→ Task brief: Look through the data below and extract, unchanged, the lines from the one that contains "define D where" to the one that contains "define w where", both included.

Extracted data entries
★ ★ ★

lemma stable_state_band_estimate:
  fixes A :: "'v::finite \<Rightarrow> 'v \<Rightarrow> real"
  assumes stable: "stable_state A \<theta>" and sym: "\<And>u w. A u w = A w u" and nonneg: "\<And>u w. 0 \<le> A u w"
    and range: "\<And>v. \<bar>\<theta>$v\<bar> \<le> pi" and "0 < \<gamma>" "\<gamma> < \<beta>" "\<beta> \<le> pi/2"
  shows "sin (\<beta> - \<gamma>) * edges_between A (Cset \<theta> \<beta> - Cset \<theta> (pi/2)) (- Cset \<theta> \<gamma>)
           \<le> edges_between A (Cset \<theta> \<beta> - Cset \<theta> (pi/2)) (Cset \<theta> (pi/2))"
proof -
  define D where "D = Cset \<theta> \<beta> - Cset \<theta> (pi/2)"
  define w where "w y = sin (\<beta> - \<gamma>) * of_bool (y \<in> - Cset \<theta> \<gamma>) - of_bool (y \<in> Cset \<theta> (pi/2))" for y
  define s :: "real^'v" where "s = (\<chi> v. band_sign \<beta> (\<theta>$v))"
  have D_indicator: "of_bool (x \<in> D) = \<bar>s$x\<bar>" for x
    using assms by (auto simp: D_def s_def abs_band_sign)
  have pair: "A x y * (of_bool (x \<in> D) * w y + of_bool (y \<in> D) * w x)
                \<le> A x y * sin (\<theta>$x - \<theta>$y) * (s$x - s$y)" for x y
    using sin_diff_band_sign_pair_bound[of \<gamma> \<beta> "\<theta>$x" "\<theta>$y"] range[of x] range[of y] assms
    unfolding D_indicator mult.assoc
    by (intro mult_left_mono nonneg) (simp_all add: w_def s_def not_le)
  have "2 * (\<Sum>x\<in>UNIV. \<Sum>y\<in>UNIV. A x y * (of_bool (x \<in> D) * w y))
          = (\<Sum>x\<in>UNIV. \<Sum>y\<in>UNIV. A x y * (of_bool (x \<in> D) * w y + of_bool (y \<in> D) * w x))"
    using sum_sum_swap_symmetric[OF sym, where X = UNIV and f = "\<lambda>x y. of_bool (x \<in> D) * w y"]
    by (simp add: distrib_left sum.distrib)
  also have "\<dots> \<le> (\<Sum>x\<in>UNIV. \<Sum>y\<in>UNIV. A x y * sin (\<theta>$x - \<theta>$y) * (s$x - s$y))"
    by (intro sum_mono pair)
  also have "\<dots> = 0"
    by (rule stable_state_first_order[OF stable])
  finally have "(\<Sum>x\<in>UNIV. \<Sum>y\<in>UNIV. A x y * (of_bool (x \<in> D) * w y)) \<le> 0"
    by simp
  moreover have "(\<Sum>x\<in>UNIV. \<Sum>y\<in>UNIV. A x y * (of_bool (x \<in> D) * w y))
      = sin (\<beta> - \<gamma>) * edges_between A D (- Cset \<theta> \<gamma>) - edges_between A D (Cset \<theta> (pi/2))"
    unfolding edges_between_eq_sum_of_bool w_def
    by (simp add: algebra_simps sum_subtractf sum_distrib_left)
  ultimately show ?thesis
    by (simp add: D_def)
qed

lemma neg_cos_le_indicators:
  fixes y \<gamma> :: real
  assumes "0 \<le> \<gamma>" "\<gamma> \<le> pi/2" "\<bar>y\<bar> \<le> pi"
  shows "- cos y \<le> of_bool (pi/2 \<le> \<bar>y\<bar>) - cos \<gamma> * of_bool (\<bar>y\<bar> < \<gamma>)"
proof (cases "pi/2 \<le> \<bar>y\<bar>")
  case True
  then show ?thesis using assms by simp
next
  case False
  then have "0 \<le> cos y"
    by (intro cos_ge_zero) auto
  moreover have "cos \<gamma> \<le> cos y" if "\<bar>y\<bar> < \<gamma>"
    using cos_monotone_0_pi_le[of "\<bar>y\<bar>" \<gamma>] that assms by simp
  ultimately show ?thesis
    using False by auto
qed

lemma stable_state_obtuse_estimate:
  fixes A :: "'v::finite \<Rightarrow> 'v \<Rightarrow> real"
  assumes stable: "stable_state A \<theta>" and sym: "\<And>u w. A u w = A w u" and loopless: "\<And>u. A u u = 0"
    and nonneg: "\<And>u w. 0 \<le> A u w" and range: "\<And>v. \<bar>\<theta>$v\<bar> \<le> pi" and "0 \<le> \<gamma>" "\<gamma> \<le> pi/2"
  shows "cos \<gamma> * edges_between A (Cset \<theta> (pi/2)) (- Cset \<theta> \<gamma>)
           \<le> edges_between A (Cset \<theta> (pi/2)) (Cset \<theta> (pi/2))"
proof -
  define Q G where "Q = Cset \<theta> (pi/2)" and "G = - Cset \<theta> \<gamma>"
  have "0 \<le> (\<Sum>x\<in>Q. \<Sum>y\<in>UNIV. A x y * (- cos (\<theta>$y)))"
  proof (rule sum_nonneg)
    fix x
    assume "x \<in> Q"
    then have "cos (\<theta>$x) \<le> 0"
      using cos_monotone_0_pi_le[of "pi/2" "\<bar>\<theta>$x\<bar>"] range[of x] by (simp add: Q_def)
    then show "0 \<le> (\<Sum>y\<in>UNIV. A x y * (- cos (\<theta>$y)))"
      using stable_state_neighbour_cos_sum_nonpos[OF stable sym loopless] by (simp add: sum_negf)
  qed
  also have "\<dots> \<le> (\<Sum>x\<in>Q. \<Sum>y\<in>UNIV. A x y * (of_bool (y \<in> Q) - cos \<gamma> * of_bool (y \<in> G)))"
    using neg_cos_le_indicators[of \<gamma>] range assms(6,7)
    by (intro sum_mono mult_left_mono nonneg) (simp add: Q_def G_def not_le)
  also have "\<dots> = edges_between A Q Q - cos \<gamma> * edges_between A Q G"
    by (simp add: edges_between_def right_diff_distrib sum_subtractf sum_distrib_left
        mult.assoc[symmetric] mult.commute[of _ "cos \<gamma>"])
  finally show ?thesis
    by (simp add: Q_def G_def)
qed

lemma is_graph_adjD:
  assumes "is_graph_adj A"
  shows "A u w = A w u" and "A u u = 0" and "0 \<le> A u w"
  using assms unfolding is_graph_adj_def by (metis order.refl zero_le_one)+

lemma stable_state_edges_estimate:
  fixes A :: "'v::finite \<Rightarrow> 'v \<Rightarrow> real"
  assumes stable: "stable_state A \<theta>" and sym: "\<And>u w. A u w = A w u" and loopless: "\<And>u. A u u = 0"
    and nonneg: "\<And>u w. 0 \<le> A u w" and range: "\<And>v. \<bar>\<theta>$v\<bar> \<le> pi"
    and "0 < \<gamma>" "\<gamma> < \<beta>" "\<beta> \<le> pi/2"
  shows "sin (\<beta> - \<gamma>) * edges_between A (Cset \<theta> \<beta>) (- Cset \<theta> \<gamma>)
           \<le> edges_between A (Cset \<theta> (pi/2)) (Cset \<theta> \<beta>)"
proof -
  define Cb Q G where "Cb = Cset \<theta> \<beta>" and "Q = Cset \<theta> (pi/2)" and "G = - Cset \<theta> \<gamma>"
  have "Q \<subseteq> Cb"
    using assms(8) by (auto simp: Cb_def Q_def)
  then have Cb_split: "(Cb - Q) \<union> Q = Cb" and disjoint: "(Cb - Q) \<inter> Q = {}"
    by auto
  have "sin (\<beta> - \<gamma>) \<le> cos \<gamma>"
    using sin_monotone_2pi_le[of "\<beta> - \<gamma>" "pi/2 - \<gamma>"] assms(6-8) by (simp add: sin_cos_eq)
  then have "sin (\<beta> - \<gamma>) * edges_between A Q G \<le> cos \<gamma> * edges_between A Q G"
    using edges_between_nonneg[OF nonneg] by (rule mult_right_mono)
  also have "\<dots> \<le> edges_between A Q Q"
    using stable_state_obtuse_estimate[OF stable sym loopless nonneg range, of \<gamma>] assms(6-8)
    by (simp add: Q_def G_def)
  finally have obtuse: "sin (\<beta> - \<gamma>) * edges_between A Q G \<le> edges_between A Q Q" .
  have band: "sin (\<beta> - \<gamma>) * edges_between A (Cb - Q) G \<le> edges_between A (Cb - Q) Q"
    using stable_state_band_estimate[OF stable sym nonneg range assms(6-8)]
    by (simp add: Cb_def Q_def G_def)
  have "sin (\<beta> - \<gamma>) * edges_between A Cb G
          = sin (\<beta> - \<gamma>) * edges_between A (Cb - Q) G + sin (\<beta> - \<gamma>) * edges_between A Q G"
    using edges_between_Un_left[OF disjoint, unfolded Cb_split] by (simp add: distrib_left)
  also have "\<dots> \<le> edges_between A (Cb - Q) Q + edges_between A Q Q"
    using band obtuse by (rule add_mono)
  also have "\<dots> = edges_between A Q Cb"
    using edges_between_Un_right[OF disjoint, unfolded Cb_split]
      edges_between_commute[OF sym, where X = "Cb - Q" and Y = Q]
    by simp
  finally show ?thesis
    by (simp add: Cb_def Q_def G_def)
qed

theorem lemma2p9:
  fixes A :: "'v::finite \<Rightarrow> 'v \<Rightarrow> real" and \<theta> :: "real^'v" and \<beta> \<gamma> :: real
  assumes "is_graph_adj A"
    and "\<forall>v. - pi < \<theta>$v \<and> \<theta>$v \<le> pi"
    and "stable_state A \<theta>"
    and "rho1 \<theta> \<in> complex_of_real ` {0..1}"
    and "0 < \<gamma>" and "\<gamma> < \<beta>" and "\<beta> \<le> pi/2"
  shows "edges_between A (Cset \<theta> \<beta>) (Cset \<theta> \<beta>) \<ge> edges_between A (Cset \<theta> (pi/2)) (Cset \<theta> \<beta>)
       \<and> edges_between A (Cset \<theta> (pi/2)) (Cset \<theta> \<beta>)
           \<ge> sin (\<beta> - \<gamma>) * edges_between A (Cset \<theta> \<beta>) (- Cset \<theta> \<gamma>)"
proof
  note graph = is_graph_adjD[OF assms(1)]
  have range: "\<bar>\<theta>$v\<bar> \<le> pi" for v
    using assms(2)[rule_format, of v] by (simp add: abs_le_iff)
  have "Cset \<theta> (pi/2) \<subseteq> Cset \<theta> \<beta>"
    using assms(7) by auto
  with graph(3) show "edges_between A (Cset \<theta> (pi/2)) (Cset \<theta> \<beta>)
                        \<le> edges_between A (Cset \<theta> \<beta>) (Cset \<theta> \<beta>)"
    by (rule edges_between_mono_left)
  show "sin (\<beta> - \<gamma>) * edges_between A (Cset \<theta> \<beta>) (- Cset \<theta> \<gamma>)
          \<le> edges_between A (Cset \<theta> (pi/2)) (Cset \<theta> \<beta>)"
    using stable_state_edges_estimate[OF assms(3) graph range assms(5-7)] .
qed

★ ★ ★

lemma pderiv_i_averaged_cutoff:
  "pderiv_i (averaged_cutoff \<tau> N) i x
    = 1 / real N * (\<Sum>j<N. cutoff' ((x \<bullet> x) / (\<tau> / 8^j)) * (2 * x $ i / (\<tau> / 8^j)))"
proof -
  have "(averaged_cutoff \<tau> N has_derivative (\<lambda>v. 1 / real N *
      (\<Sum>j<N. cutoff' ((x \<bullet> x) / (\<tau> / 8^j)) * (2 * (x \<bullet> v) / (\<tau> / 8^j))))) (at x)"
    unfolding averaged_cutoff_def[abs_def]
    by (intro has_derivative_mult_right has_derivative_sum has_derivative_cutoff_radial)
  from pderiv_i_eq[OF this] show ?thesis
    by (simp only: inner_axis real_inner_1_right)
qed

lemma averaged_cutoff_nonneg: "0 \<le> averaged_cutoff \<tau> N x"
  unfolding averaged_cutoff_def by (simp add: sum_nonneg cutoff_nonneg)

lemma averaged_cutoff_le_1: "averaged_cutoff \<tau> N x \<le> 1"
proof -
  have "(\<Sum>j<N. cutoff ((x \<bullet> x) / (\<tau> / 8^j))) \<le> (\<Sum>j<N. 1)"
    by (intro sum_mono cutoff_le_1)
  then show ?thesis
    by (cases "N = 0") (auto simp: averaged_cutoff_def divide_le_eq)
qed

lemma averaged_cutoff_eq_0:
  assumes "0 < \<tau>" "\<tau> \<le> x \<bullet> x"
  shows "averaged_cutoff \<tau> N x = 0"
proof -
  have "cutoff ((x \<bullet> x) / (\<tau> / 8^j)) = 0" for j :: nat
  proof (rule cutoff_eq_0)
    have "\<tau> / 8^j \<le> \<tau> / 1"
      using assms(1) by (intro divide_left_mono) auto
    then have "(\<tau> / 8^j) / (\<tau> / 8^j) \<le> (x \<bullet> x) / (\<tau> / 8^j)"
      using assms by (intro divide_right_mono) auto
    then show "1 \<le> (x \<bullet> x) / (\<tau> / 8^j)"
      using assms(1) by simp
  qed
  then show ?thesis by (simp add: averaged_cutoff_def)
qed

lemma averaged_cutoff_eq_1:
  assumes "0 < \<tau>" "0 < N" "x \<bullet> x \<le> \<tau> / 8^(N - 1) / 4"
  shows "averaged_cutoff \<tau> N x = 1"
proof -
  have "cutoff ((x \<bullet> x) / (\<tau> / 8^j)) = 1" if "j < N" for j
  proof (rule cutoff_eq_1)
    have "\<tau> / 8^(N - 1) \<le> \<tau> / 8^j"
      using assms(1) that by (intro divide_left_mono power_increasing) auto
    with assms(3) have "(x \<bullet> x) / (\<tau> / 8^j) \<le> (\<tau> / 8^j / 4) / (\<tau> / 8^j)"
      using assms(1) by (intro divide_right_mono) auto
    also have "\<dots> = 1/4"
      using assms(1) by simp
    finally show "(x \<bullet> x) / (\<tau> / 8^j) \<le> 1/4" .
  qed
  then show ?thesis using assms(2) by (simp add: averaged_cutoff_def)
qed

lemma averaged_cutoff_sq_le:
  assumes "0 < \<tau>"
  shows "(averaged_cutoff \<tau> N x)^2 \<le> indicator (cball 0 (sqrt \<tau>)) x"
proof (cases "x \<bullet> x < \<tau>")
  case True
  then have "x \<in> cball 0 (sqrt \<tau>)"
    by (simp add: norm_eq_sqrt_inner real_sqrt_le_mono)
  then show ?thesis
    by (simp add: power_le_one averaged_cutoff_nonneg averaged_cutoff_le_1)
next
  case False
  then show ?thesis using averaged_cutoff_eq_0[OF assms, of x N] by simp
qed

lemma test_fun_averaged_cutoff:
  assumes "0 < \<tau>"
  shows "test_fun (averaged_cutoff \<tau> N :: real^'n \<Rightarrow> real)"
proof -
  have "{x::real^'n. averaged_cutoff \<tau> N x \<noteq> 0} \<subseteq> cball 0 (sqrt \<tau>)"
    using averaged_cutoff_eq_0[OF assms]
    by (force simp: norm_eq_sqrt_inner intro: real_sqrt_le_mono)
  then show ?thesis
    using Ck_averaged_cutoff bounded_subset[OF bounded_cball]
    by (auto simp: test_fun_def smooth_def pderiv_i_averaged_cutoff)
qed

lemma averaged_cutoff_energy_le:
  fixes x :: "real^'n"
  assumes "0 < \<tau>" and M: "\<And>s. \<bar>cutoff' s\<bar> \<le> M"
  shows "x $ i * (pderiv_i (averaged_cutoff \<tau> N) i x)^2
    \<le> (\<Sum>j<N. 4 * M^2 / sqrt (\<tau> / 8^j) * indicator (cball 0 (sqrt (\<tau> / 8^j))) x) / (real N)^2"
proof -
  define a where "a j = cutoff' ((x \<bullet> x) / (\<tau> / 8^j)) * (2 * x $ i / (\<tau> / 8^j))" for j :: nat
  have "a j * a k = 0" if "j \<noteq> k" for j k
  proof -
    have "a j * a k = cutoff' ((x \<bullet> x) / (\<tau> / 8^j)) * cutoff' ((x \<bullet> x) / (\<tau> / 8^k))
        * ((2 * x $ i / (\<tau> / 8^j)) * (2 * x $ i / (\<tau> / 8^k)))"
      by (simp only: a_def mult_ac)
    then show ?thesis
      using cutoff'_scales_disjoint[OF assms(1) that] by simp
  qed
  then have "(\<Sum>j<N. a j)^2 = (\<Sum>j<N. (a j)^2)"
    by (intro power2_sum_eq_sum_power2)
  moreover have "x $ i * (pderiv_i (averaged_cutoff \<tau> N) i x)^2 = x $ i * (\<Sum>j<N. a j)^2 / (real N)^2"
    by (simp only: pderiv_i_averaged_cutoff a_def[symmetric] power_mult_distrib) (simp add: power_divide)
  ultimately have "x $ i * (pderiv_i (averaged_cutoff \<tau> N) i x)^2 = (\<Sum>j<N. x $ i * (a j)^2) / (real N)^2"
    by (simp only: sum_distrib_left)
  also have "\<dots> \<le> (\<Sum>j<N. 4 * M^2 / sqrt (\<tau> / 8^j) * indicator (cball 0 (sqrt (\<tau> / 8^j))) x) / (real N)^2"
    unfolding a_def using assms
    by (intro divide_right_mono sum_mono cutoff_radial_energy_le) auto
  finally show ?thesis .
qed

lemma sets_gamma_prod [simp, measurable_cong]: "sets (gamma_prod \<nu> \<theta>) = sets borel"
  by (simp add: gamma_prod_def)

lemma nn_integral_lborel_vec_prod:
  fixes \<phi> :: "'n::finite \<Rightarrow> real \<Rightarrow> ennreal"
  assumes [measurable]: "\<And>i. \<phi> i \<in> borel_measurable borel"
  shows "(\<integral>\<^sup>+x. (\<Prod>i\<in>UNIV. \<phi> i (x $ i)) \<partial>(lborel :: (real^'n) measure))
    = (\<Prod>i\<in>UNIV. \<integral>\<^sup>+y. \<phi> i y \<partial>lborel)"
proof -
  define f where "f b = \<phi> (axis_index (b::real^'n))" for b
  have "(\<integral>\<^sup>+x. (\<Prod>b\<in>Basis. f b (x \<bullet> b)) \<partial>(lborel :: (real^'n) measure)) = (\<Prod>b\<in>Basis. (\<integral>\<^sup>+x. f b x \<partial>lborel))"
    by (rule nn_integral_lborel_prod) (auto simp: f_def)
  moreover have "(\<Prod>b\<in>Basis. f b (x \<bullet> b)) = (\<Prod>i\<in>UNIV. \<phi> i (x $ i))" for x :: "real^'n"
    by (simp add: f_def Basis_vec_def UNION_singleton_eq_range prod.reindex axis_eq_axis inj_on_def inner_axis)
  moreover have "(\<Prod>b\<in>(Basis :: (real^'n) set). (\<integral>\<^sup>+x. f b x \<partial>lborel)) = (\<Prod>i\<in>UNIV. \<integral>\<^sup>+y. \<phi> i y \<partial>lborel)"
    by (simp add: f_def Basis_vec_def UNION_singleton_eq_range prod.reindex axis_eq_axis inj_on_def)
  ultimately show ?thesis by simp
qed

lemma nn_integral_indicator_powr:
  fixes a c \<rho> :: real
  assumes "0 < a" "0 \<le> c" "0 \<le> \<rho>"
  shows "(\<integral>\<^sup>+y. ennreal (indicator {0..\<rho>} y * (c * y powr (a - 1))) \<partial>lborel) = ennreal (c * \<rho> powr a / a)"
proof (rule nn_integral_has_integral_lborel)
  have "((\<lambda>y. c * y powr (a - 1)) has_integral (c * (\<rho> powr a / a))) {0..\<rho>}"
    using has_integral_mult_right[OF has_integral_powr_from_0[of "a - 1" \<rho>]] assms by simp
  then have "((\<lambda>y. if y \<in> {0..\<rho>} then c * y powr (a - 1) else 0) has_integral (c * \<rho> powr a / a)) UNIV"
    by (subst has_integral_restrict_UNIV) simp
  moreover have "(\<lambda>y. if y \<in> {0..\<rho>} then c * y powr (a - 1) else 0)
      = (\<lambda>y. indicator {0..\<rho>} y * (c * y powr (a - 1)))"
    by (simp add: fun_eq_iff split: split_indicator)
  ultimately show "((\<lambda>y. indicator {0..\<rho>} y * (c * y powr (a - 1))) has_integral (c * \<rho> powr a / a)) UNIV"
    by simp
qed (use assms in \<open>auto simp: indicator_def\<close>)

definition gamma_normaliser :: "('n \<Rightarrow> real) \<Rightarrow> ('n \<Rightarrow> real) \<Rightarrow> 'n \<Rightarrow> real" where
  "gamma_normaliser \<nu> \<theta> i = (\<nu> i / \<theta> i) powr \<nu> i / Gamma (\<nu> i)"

★ ★ ★

→ Result of the task:
  define D where "D = Cset \<theta> \<beta> - Cset \<theta> (pi/2)"
  define w where "w y = sin (\<beta> - \<gamma>) * of_bool (y \<in> - Cset \<theta> \<gamma>) - of_bool (y \<in> Cset \<theta> (pi/2))" for y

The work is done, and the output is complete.